She hung up without waiting for a reply. She glared at the phone for a moment, then yanked it off her desk and threw it at the wall. It bounced and landed in one piece. Sally stood up and screamed at the window, completely oblivious to the beautiful cloudless sky outside.
Francesca made sure that Ted was out of his office before Sally showed up on the seventy-third floor. It was bad enough being fired over the phone for no reason at all, but facing the person who’d fired you after that would be even worse. Especially considering the mood that Sally Drummond seemed to be in right now.
Francesca couldn’t imagine learning the same news for her own family. Would she have taken it any better?
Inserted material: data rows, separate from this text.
lemma q_maxitive_attained:
  assumes "q_maxitive n q \<mu>" and "X \<subseteq> {1..n}" and "q < card X"
  shows "\<exists>Y \<subset> X. card Y \<le> q \<and> \<mu> X = \<mu> Y"
proof -
  let ?S = "{\<mu> Y | Y. Y \<subset> X \<and> card Y \<le> q}"
  have "finite X" using assms(2) finite_subset by blast
  moreover have "?S \<subseteq> \<mu> ` Pow X" by blast
  ultimately have "finite ?S" by (meson finite_Pow_iff finite_imageI finite_subset)
  moreover have "\<mu> {} \<in> ?S" using assms(3) by force
  ultimately have "Max ?S \<in> ?S" by (intro Max_in) auto
  moreover have "\<mu> X = Max ?S" using assms unfolding q_maxitive_def by blast
  ultimately show ?thesis by auto
qed

lemma sugeno_q_maxitive_attained:
  assumes "q_maxitive n q \<mu>" and "\<mu> {} = 0"
  shows "sugeno n \<mu> z = 0 \<or> (\<exists>A \<in> small_sets n q. sugeno n \<mu> z = min (Min (z ` A)) (\<mu> A))"
proof -
  obtain A where A: "A \<subseteq> {1..n}" "sugeno n \<mu> z = min (minx z A) (\<mu> A)"
    using sugeno_attained by blast
  have "finite A" using A(1) finite_subset by blast
  obtain Y where Y: "Y \<subseteq> A" "card Y \<le> q" "\<mu> A = \<mu> Y"
  proof (cases "card A \<le> q")
    case True
    then show ?thesis using that[of A] by simp
  next
    case False
    then obtain Y where "Y \<subset> A" "card Y \<le> q" "\<mu> A = \<mu> Y"
      using q_maxitive_attained[OF assms(1) A(1)] by auto
    then show ?thesis using that[of Y] by simp
  qed
  have "sugeno n \<mu> z \<le> min (minx z Y) (\<mu> Y)"
  proof (cases "Y = {}")
    case True
    then show ?thesis using A(2) Y(3) assms(2) by (simp add: minx_def)
  next
    case False
    then have "minx z A \<le> minx z Y"
      using Y(1) \<open>finite A\<close> by (auto simp: minx_def intro: Min_antimono)
    then show ?thesis using A(2) Y(3) by linarith
  qed
  moreover have "min (minx z Y) (\<mu> Y) \<le> sugeno n \<mu> z"
    using Y(1) A(1) by (intro sugeno_ge) auto
  ultimately have S: "sugeno n \<mu> z = min (minx z Y) (\<mu> Y)" by linarith
  show ?thesis
  proof (cases "Y = {}")
    case True
    then show ?thesis using S assms(2) by (simp add: minx_def)
  next
    case False
    moreover have "finite Y" using Y(1) \<open>finite A\<close> by (rule finite_subset)
    ultimately have "Y \<in> small_sets n q"
      using Y(1,2) A(1) by (auto simp: small_sets_def card_gt_0_iff)
    then show ?thesis using S \<open>Y \<noteq> {}\<close> by (auto simp: minx_def)
  qed
qed

definition maxitive_ext :: "nat \<Rightarrow> (nat set \<Rightarrow> real) \<Rightarrow> nat set \<Rightarrow> real" where
  "maxitive_ext q \<nu> X = Max (\<nu> ` {Y. Y \<subseteq> X \<and> card Y \<le> q})"

lemma finite_small_subsets: "finite X \<Longrightarrow> finite {Y. Y \<subseteq> X \<and> card Y \<le> q}"
  by (rule finite_subset[of _ "Pow X"]) auto

lemma maxitive_ext_ge: "finite X \<Longrightarrow> Y \<subseteq> X \<Longrightarrow> card Y \<le> q \<Longrightarrow> \<nu> Y \<le> maxitive_ext q \<nu> X"
  unfolding maxitive_ext_def by (rule Max_ge) (auto simp: finite_small_subsets)

lemma maxitive_ext_attained:
  assumes "finite X"
  shows "\<exists>Y \<subseteq> X. card Y \<le> q \<and> maxitive_ext q \<nu> X = \<nu> Y"
proof -
  have "maxitive_ext q \<nu> X \<in> \<nu> ` {Y. Y \<subseteq> X \<and> card Y \<le> q}"
    unfolding maxitive_ext_def using assms by (intro Max_in) (auto simp: finite_small_subsets)
  then show ?thesis by auto
qed

lemma maxitive_ext_mono:
  assumes "finite B" and "A \<subseteq> B"
  shows "maxitive_ext q \<nu> A \<le> maxitive_ext q \<nu> B"
proof -
  obtain Y where "Y \<subseteq> A" "card Y \<le> q" "maxitive_ext q \<nu> A = \<nu> Y"
    using maxitive_ext_attained assms finite_subset by metis
  then show ?thesis using maxitive_ext_ge[OF assms(1)] assms(2) by auto
qed

lemma maxitive_ext_eq:
  assumes mono: "\<And>A B. A \<subseteq> B \<Longrightarrow> finite B \<Longrightarrow> \<nu> A \<le> \<nu> B"
    and "finite Y" and "card Y \<le> q"
  shows "maxitive_ext q \<nu> Y = \<nu> Y"
proof -
  obtain Y' where "Y' \<subseteq> Y" "maxitive_ext q \<nu> Y = \<nu> Y'"
    using maxitive_ext_attained[OF \<open>finite Y\<close>] by blast
  then show ?thesis using mono[of Y' Y] maxitive_ext_ge[of Y Y q \<nu>] assms(2,3) by auto
qed

lemma q_maxitive_maxitive_ext:
  assumes mono: "\<And>A B. A \<subseteq> B \<Longrightarrow> finite B \<Longrightarrow> \<nu> A \<le> \<nu> B"
  shows "q_maxitive n q (maxitive_ext q \<nu>)"
  unfolding q_maxitive_def
proof (intro allI impI)
  fix X assume X: "X \<subseteq> {1..n} \<and> q < card X"
  then have "finite X" using finite_subset by blast
  have "{maxitive_ext q \<nu> Y | Y. Y \<subset> X \<and> card Y \<le> q} = \<nu> ` {Y. Y \<subseteq> X \<and> card Y \<le> q}"
  proof (intro equalityI subsetI)
    fix v assume "v \<in> {maxitive_ext q \<nu> Y | Y. Y \<subset> X \<and> card Y \<le> q}"
    then obtain Y where "v = maxitive_ext q \<nu> Y" "Y \<subset> X" "card Y \<le> q" by blast
    then show "v \<in> \<nu> ` {Y. Y \<subseteq> X \<and> card Y \<le> q}"
      using maxitive_ext_eq[where \<nu> = \<nu>, OF mono] \<open>finite X\<close> by (auto intro: finite_subset)
  next
    fix v assume "v \<in> \<nu> ` {Y. Y \<subseteq> X \<and> card Y \<le> q}"
    then obtain Y where "v = \<nu> Y" "Y \<subseteq> X" "card Y \<le> q" by blast
    moreover from this have "Y \<subset> X" using X by auto
    ultimately show "v \<in> {maxitive_ext q \<nu> Y | Y. Y \<subset> X \<and> card Y \<le> q}"
      using maxitive_ext_eq[where \<nu> = \<nu>, OF mono] \<open>finite X\<close> by (metis (mono_tags) CollectI finite_subset)
  qed
  then show "maxitive_ext q \<nu> X = Max {maxitive_ext q \<nu> Y | Y. Y \<subset> X \<and> card Y \<le> q}"
    by (simp add: maxitive_ext_def)
qed

lemma is_capacity_maxitive_ext:
  assumes mono: "\<And>A B. A \<subseteq> B \<Longrightarrow> finite B \<Longrightarrow> \<nu> A \<le> \<nu> B"
    and bounds: "\<And>Y. 0 \<le> \<nu> Y \<and> \<nu> Y \<le> 1" and "\<nu> {} = 0"
    and "A \<subseteq> {1..n}" and "card A \<le> q" and "\<nu> A = 1"
  shows "is_capacity n (maxitive_ext q \<nu>)"
proof -
  have ext_bounds: "0 \<le> maxitive_ext q \<nu> X \<and> maxitive_ext q \<nu> X \<le> 1" if "finite X" for X
    using maxitive_ext_attained[OF that] bounds by metis
  have "1 \<le> maxitive_ext q \<nu> {1..n}"
    using maxitive_ext_ge[of "{1..n}" A q \<nu>] assms(4-6) by simp
  then have "maxitive_ext q \<nu> {1..n} = 1" using ext_bounds[of "{1..n}"] by simp
  moreover have "maxitive_ext q \<nu> {} = 0" using maxitive_ext_eq[OF mono] \<open>\<nu> {} = 0\<close> by simp
  ultimately show ?thesis unfolding is_capacity_def
    using ext_bounds maxitive_ext_mono by (meson finite_atLeastAtMost finite_subset)
qed

lemma sigma_G_le:
  assumes "0 \<le> e" and "a - e \<le> min m \<mu>" and "min m' \<mu> \<le> b + e"
  shows "sigma_G a m' b \<le> e"
  using assms by (auto simp: sigma_G_def pos_def min_def max_def split: if_splits)

lemma le_godel_imp_if_sigma_G_le:
  assumes "sigma_G a m b \<le> d" and "0 \<le> d" and "a \<le> 1"
  shows "a - d \<le> godel_imp m (min (b + d) 1)"
  using assms by (auto simp: sigma_G_def godel_imp_def pos_def min_def max_def split: if_splits)

lemma min_godel_imp_le: "min a (godel_imp a b) \<le> b"
  by (simp add: godel_imp_def min_def)

lemma godel_imp_antimono: "a \<le> a' \<Longrightarrow> b \<le> 1 \<Longrightarrow> godel_imp a' b \<le> godel_imp a b"
  by (auto simp: godel_imp_def)

lemma max_error_ge:
  "k \<in> {1..N} \<Longrightarrow> \<bar>sugeno n \<mu> (x k) - \<alpha> k\<bar> \<le> max_error n N x \<alpha> \<mu>"
  unfolding max_error_def Setcompr_eq_image by (intro Max_ge) auto

lemma max_error_le_iff:
  "N \<ge> 1 \<Longrightarrow> max_error n N x \<alpha> \<mu> \<le> e \<longleftrightarrow> (\<forall>k \<in> {1..N}. \<bar>sugeno n \<mu> (x k) - \<alpha> k\<bar> \<le> e)"
  unfolding max_error_def Setcompr_eq_image by (subst Max_le_iff) auto

lemma delta_iA_le_iff:
  "N \<ge> 1 \<Longrightarrow> delta_iA N x \<alpha> i A \<le> e \<longleftrightarrow>
     pos (\<alpha> i - Min (x i ` A)) \<le> e \<and> (\<forall>l \<in> {1..N}. sigma_G (\<alpha> i) (Min (x l ` A)) (\<alpha> l) \<le> e)"
  unfolding delta_iA_def Setcompr_eq_image by (subst max.bounded_iff, subst Max_le_iff) auto

locale training_data =
  fixes n N q :: nat and x :: "nat \<Rightarrow> nat \<Rightarrow> real" and \<alpha> :: "nat \<Rightarrow> real"
  assumes N_pos: "N \<ge> 1"
    and x_nonneg: "\<And>k i. k \<in> {1..N} \<Longrightarrow> i \<in> {1..n} \<Longrightarrow> 0 \<le> x k i"
    and \<alpha>_unit: "\<And>k. k \<in> {1..N} \<Longrightarrow> 0 \<le> \<alpha> k \<and> \<alpha> k \<le> 1"
    and q_range: "q \<in> {1..n}"
begin

lemma singleton_small: "{1} \<in> small_sets n q"
  using q_range by (auto simp: small_sets_def)
lemma quarter_sech_sq_mean_le: "quarter_sech_sq_mean c x \<le> 1 / 4"
proof -
  have "quarter_sech_sq_mean c x \<le> (LBINT u=0..1. 1 / 4)"
    unfolding quarter_sech_sq_mean_def
    by (rule interval_integral_01_mono) (intro continuous_intros quarter_sech_sq_le)+
  then show ?thesis
    by (simp only: interval_integral_01_const)
qed

lemma quarter_sech_sq_mean_antimono:
  assumes "\<bar>x\<bar> \<le> \<bar>x'\<bar>"
  shows "quarter_sech_sq_mean c x' \<le> quarter_sech_sq_mean c x"
  unfolding quarter_sech_sq_mean_def
proof (rule interval_integral_01_mono)
  fix u :: real
  assume "0 \<le> u"
  then have "\<bar>u * c * x\<bar> \<le> \<bar>u * c * x'\<bar>"
    using assms by (simp add: abs_mult mult_left_mono)
  then show "quarter_sech_sq (u * c * x') \<le> quarter_sech_sq (u * c * x)"
    by (rule quarter_sech_sq_antimono)
qed (auto intro!: continuous_intros)

lemma quarter_sech_sq_mean_ge: "exp (- (c * x)\<^sup>2 / 3) / 4 \<le> quarter_sech_sq_mean c x"
proof -
  have "exp (- (c * x)\<^sup>2 / 3) / 4 \<le> (LBINT u=0..1. exp (- (u * (c * x))\<^sup>2)) / 4"
    using exp_neg_sq_avg_ge[of "c * x"] by simp
  also have "\<dots> = (LBINT u=0..1. exp (- (u * c * x)\<^sup>2) / 4)"
    by (simp add: mult.assoc)
  also have "\<dots> \<le> quarter_sech_sq_mean c x"
    unfolding quarter_sech_sq_mean_def
  proof (rule interval_integral_01_mono)
    show "exp (- (u * c * x)\<^sup>2) / 4 \<le> quarter_sech_sq (u * c * x)" for u
      by (rule exp_neg_sq_le_quarter_sech_sq)
  qed (intro continuous_intros | simp)+
  finally show ?thesis .
qed

lemma prob_space_std_normal_measure: "prob_space std_normal_measure"
  unfolding std_normal_measure_def
  by (rule prob_spaceI) (simp add: emeasure_density nn_integral_eq_integral)

lemma sets_std_normal_measure [measurable_cong]: "sets std_normal_measure = sets borel"
  by (simp add: std_normal_measure_def)

lemma integral_std_normal_measure:
  "f \<in> borel_measurable borel \<Longrightarrow>
    integral\<^sup>L std_normal_measure f = (\<integral>x. std_normal_density x * f x \<partial>lborel)"
  unfolding std_normal_measure_def by (subst integral_density) auto

lemma integrable_std_normal_measure_iff:
  "f \<in> borel_measurable borel \<Longrightarrow>
    integrable std_normal_measure f \<longleftrightarrow> integrable lborel (\<lambda>x. std_normal_density x * f x)"
  unfolding std_normal_measure_def by (subst integrable_density) auto

lemma has_bochner_integral_std_normal_measure:
  "f \<in> borel_measurable borel \<Longrightarrow>
    has_bochner_integral lborel (\<lambda>x. std_normal_density x * f x) I \<Longrightarrow>
    has_bochner_integral std_normal_measure f I"
  by (simp add: has_bochner_integral_iff integrable_std_normal_measure_iff
      integral_std_normal_measure)

lemma has_bochner_integral_std_normal_sq:
  "has_bochner_integral std_normal_measure (\<lambda>x. x * x) 1"
  using std_normal_moment_even[of 1]
  by (intro has_bochner_integral_std_normal_measure) (simp_all add: power2_eq_square)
Then again, Sally was supposed to be a leader. A vice president of a global corporation couldn’t make the same excuses for bad behavior that her employees might.
The finance team had barely gotten their presentation set up in the main conference room when Sally stormed in. She sat down at the head of the table and slammed her palm down on the control pad. The door slid shut, and the floor-to-ceiling windows turned opaque.
“Go,” Sally growled, and for once Francesca was grateful for the terseness.
The whole team took turns walking through the fiscal year breakdown. Francesca played traffic cop, prompting each of her specialists when it was their turn to talk and cutting them off when they started rambling. She understood that these people had never presented directly to a VP before, and certainly not a member of the actual Drummond family. Francesca did her best to deflect Sally’s snide remarks throughout the presentation.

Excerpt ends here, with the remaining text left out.